思えば、数年後に誰も覚えてないけど、コンスタントに制作されて、それなりに売り上げてしまう系の邦画がありますよね。三池や堤でやっつけるテレビ漫画発の作品だったり、福士蒼汰キュンと旬の若手女優が起用されて、イチャイチャしつつ、難病や奇跡で安易に泣かせにかかるようなベタなやつ。女子に誘われなきゃ絶対観に行かないようなヤツ!そういう市場は食っていけるから!

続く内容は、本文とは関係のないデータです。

(* Let $A$ be a complex semi-simple commutative Banach algebra and $\widetilde{\sigma}:A\to A$ an algebra automorphism. Then the commutant $A'$ of $A$ in $A\rtimes_{\widetilde{\sigma}}\mathbb{Z}$ is finitely generated as an algebra over $\mathbb{C}$ if and only if $A$ is finite-dimensional as a vector space over $\mathbb{C}$.
   Context: $A$ is semi-simple if the Gelfand transform $a\mapsto\widehat{a}$, $\widehat{a}(\mu)=\mu(a)$ for non-zero multiplicative linear functionals $\mu$, is injective. $A\rtimes_{\widetilde{\sigma}}\mathbb{Z}$ is the set of finitely supported functions $\mathbb{Z}\to A$, written $\sum_n a_n\delta^n$, with pointwise linear operations and multiplication determined by $(a_n\delta^n)*(b_m\delta^m)=a_n\widetilde{\sigma}^n(b_m)\delta^{n+m}$; $A$ is embedded as $\{a_0\delta^0\}$, and $A'=\{f : f*a=a*f \text{ for all } a\in A\}$. *)

theory Defs
  imports Complex_Main
begin

text \<open>A complex commutative Banach algebra is modelled as a type of class
  real_normed_algebra, comm_ring, banach (a commutative real Banach algebra,
  not necessarily unital) together with a complex scalar multiplication
  that extends scaleR, makes it a complex vector space, is compatible with
  the product and satisfies norm homogeneity.\<close>

definition complex_scalar ::
  "(complex \<Rightarrow> 'a::{real_normed_algebra,comm_ring,banach} \<Rightarrow> 'a) \<Rightarrow> bool" where
  "complex_scalar smul \<longleftrightarrow>
     (\<forall>r x. smul (complex_of_real r) x = scaleR r x) \<and>
     (\<forall>c x y. smul c (x + y) = smul c x + smul c y) \<and>
     (\<forall>c d x. smul (c + d) x = smul c x + smul d x) \<and>
     (\<forall>c d x. smul (c * d) x = smul c (smul d x)) \<and>
     (\<forall>x. smul 1 x = x) \<and>
     (\<forall>c x. norm (smul c x) = cmod c * norm x) \<and>
     (\<forall>c x y. smul c (x * y) = smul c x * y)"

definition character ::
  "(complex \<Rightarrow> 'a::{real_normed_algebra,comm_ring,banach} \<Rightarrow> 'a) \<Rightarrow> ('a \<Rightarrow> complex) \<Rightarrow> bool" where
  "character smul \<mu> \<longleftrightarrow>
     (\<forall>x y. \<mu> (x + y) = \<mu> x + \<mu> y) \<and>
     (\<forall>c x. \<mu> (smul c x) = c * \<mu> x) \<and>
     (\<forall>x y. \<mu> (x * y) = \<mu> x * \<mu> y) \<and>
     (\<exists>x. \<mu> x \<noteq> 0)"

text \<open>Semi-simplicity: the Gelfand transform a \<mapsto> (\<mu> \<mapsto> \<mu> a) is injective.\<close>
definition semisimple ::
  "(complex \<Rightarrow> 'a::{real_normed_algebra,comm_ring,banach} \<Rightarrow> 'a) \<Rightarrow> bool" where
  "semisimple smul \<longleftrightarrow>
     (\<forall>a b. (\<forall>\<mu>. character smul \<mu> \<longrightarrow> \<mu> a = \<mu> b) \<longrightarrow> a = b)"

text \<open>Algebra automorphism (complex-linear, multiplicative, bijective; no continuity).\<close>
definition algebra_automorphism ::
  "(complex \<Rightarrow> 'a::{real_normed_algebra,comm_ring,banach} \<Rightarrow> 'a) \<Rightarrow> ('a \<Rightarrow> 'a) \<Rightarrow> bool" where
  "algebra_automorphism smul \<sigma> \<longleftrightarrow>
     bij \<sigma> \<and>
     (\<forall>x y. \<sigma> (x + y) = \<sigma> x + \<sigma> y) \<and>
     (\<forall>c x. \<sigma> (smul c x) = smul c (\<sigma> x)) \<and>
     (\<forall>x y. \<sigma> (x * y) = \<sigma> x * \<sigma> y)"

definition int_pow :: "('a \<Rightarrow> 'a) \<Rightarrow> int \<Rightarrow> 'a \<Rightarrow> 'a" where
  "int_pow \<sigma> n = (if 0 \<le> n then \<sigma> ^^ nat n else (inv \<sigma>) ^^ nat (- n))"

text \<open>Crossed product: finitely supported functions int \<Rightarrow> A, f = \<Sum> f n \<delta>^n.\<close>
definition cp_carrier :: "(int \<Rightarrow> 'a::zero) set" where
  "cp_carrier = {f. finite {n. f n \<noteq> 0}}"

definition cp_mult ::
  "('a \<Rightarrow> 'a) \<Rightarrow> (int \<Rightarrow> 'a::{comm_ring}) \<Rightarrow> (int \<Rightarrow> 'a) \<Rightarrow> int \<Rightarrow> 'a" where
  "cp_mult \<sigma> f g = (\<lambda>k. \<Sum>n\<in>{n. f n \<noteq> 0}. f n * int_pow \<sigma> n (g (k - n)))"

definition cp_embed :: "'a::zero \<Rightarrow> int \<Rightarrow> 'a" where
  "cp_embed a = (\<lambda>n. if n = 0 then a else 0)"

definition commutant :: "('a \<Rightarrow> 'a) \<Rightarrow> (int \<Rightarrow> 'a::comm_ring) set" where
  "commutant \<sigma> = {f \<in> cp_carrier.
      \<forall>a. cp_mult \<sigma> f (cp_embed a) = cp_mult \<sigma> (cp_embed a) f}"

inductive_set gen_subalg ::
  "(complex \<Rightarrow> 'a \<Rightarrow> 'a) \<Rightarrow> ('a \<Rightarrow> 'a) \<Rightarrow> (int \<Rightarrow> 'a::comm_ring) set \<Rightarrow> (int \<Rightarrow> 'a) set"
  for smul \<sigma> S where
  gen_base: "f \<in> S \<Longrightarrow> f \<in> gen_subalg smul \<sigma> S"
| gen_zero: "(\<lambda>n. 0) \<in> gen_subalg smul \<sigma> S"
| gen_add: "f \<in> gen_subalg smul \<sigma> S \<Longrightarrow> g \<in> gen_subalg smul \<sigma> S \<Longrightarrow>
             (\<lambda>n. f n + g n) \<in> gen_subalg smul \<sigma> S"
| gen_smul: "f \<in> gen_subalg smul \<sigma> S \<Longrightarrow> (\<lambda>n. smul c (f n)) \<in> gen_subalg smul \<sigma> S"
| gen_mult: "f \<in> gen_subalg smul \<sigma> S \<Longrightarrow> g \<in> gen_subalg smul \<sigma> S \<Longrightarrow>
             cp_mult \<sigma> f g \<in> gen_subalg smul \<sigma> S"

もはや今の若い世代はアニメに対する侮りや抵抗が無いし、役者なり予算なりの関係でどうしても情けなくなってしまう実写よりむしろ浮世の柵から外れた二次元のイマジネーションでもって、丸っこく体裁よく表現するのは全然アリでしょう。その際、万人向けに、変なクセは出さないほうが良いのかも。

あと、某鈴木Pの商才のせいで、劇場アニメの主演にはネームバリューのある俳優を使うパティーンも定着しちゃってるよね。それはそれで新鮮な味になって、うまくいったりしてるので、ちょい複雑でもあります。

今作の神木くんや上白石萌音ちゃんが達者ってこともあるんだろうけどね。エロい先輩役の長澤まさみすら違和感なかったわ。